WHAT TO DO - Look below for the line containing "q acts by multiplication". Reproduce it and every line after it exactly, and nothing more.

DATASET CONTENT -
(* Let $B$ be the complex unital $*$-algebra generated by hermitian $p,q$ with relation $pq-qp=-\mathrm{i}\cdot 1$, let $d:=\mathrm{i}p$, $A:=\mathbb{C}[q]\subseteq B$, and $X:=\operatorname{span}\{a\,d^2\,b: a,b\in A\}\subseteq B$, a $*$-bimodule for $A$ under multiplication and involution of $B$. Let $\mu$ be a Radon measure on $\mathbb{R}$, not supported on a finite set, for which all polynomials are integrable, and let $f(a)=\int a\,d\mu$ on $A$ (polynomials in $q$ identified with polynomials in the real variable). Then: (i) the map $F_0\big(\sum_j a_j d^2 b_j\big):=\int\sum_j a_j b_j\,d\mu$ is a well-defined hermitian linear functional on $X$; (ii) for $x=\sum_j a_jd^2b_j$ and $h:=\sum_j a_jb_j$, one has $|F_0(a^+\cdot x)|^2\le f(h^+h)\,f(a^+a)$ for all $a\in A$; (iii) the GNS representation of $f$ acts on $\mathcal{D}_f=\mathbb{C}[x]\subseteq L^2(\mathbb{R};\mu)$ by multiplication, $\rho_f(a)b=ab$, with $\varphi_f=1$, and setting $\theta_{F_0}\big(\sum_j a_jd^2b_j\big)b:=\sum_j a_jb_jb$ for $b\in\mathcal{D}_f$ gives a well-defined map such that $(\theta_{F_0},\rho_f)$ is a strong $*$-representation of $X$ on $\mathcal{D}_f$ with $F_0(a\cdot x\cdot b)=\langle\theta_{F_0}(x)\rho_f(b)\varphi_f,\rho_f(a^+)\varphi_f\rangle$ for all $a,b\in A$, $x\in X$; in particular $\theta_{F_0}(d^2)=I$.
   Context: A $*$-bimodule $X$ for $A$: a complex $A$-bimodule (unital left and right $A$-module with commuting actions) with conjugate-linear involution satisfying $(a\cdot x\cdot b)^+=b^+\cdot x^+\cdot a^+$. On $A=\mathbb{C}[q]$, $a^+$ is the polynomial with complex-conjugated coefficients. Hermitian: $F(x^+)=\overline{F(x)}$. GNS representation of a positive functional $f$: $\mathcal{D}_f=A/\{a:f(a^+a)=0\}$ with inner product $f(b^+a)$, $\rho_f(a)(b+\mathcal{N}_f)=ab+\mathcal{N}_f$, $\varphi_f=1+\mathcal{N}_f$. A $*$-representation of $X$ on an inner product space $\mathcal{D}$ with completion $\mathcal{H}$ is a pair $(\theta,\rho)$ with $\rho$ a $*$-representation of $A$ ($\langle\rho(a)\varphi,\psi\rangle=\langle\varphi,\rho(a^+)\psi\rangle$) with $\rho(1)=I$, and $\theta$ a linear map from $X$ into operators $t:\mathcal{D}\to\mathcal{H}$ with $\mathcal{D}(t^* )\supseteq\mathcal{D}$, such that $\theta(x^+)=\theta(x)^*|_{\mathcal{D}}$ and $\langle\theta(a\cdot x\cdot b)\varphi,\psi\rangle=\langle\theta(x)\rho(b)\varphi,\rho(a^+)\psi\rangle$. It is strong if every $\theta(x)$ maps $\mathcal{D}$ into $\mathcal{D}$ and $\theta(x)^*$ also maps $\mathcal{D}$ into $\mathcal{D}$. *)

theory Defs
  imports "HOL-Analysis.Analysis" "HOL-Computational_Algebra.Polynomial"
begin

text \<open>Elements of B are realised as operators on complex polynomials:
  q acts by multiplication with x, p acts as -i d/dx; then pq - qp = -i.
  This representation of the Weyl algebra is faithful, so equality in B
  is equality of these operators.\<close>

definition qB :: "complex poly \<Rightarrow> complex poly" where
  "qB g = [:0, 1:] * g"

YOUR RESPONSE -
  q acts by multiplication with x, p acts as -i d/dx; then pq - qp = -i.
  This representation of the Weyl algebra is faithful, so equality in B
  is equality of these operators.\<close>

definition qB :: "complex poly \<Rightarrow> complex poly" where
  "qB g = [:0, 1:] * g"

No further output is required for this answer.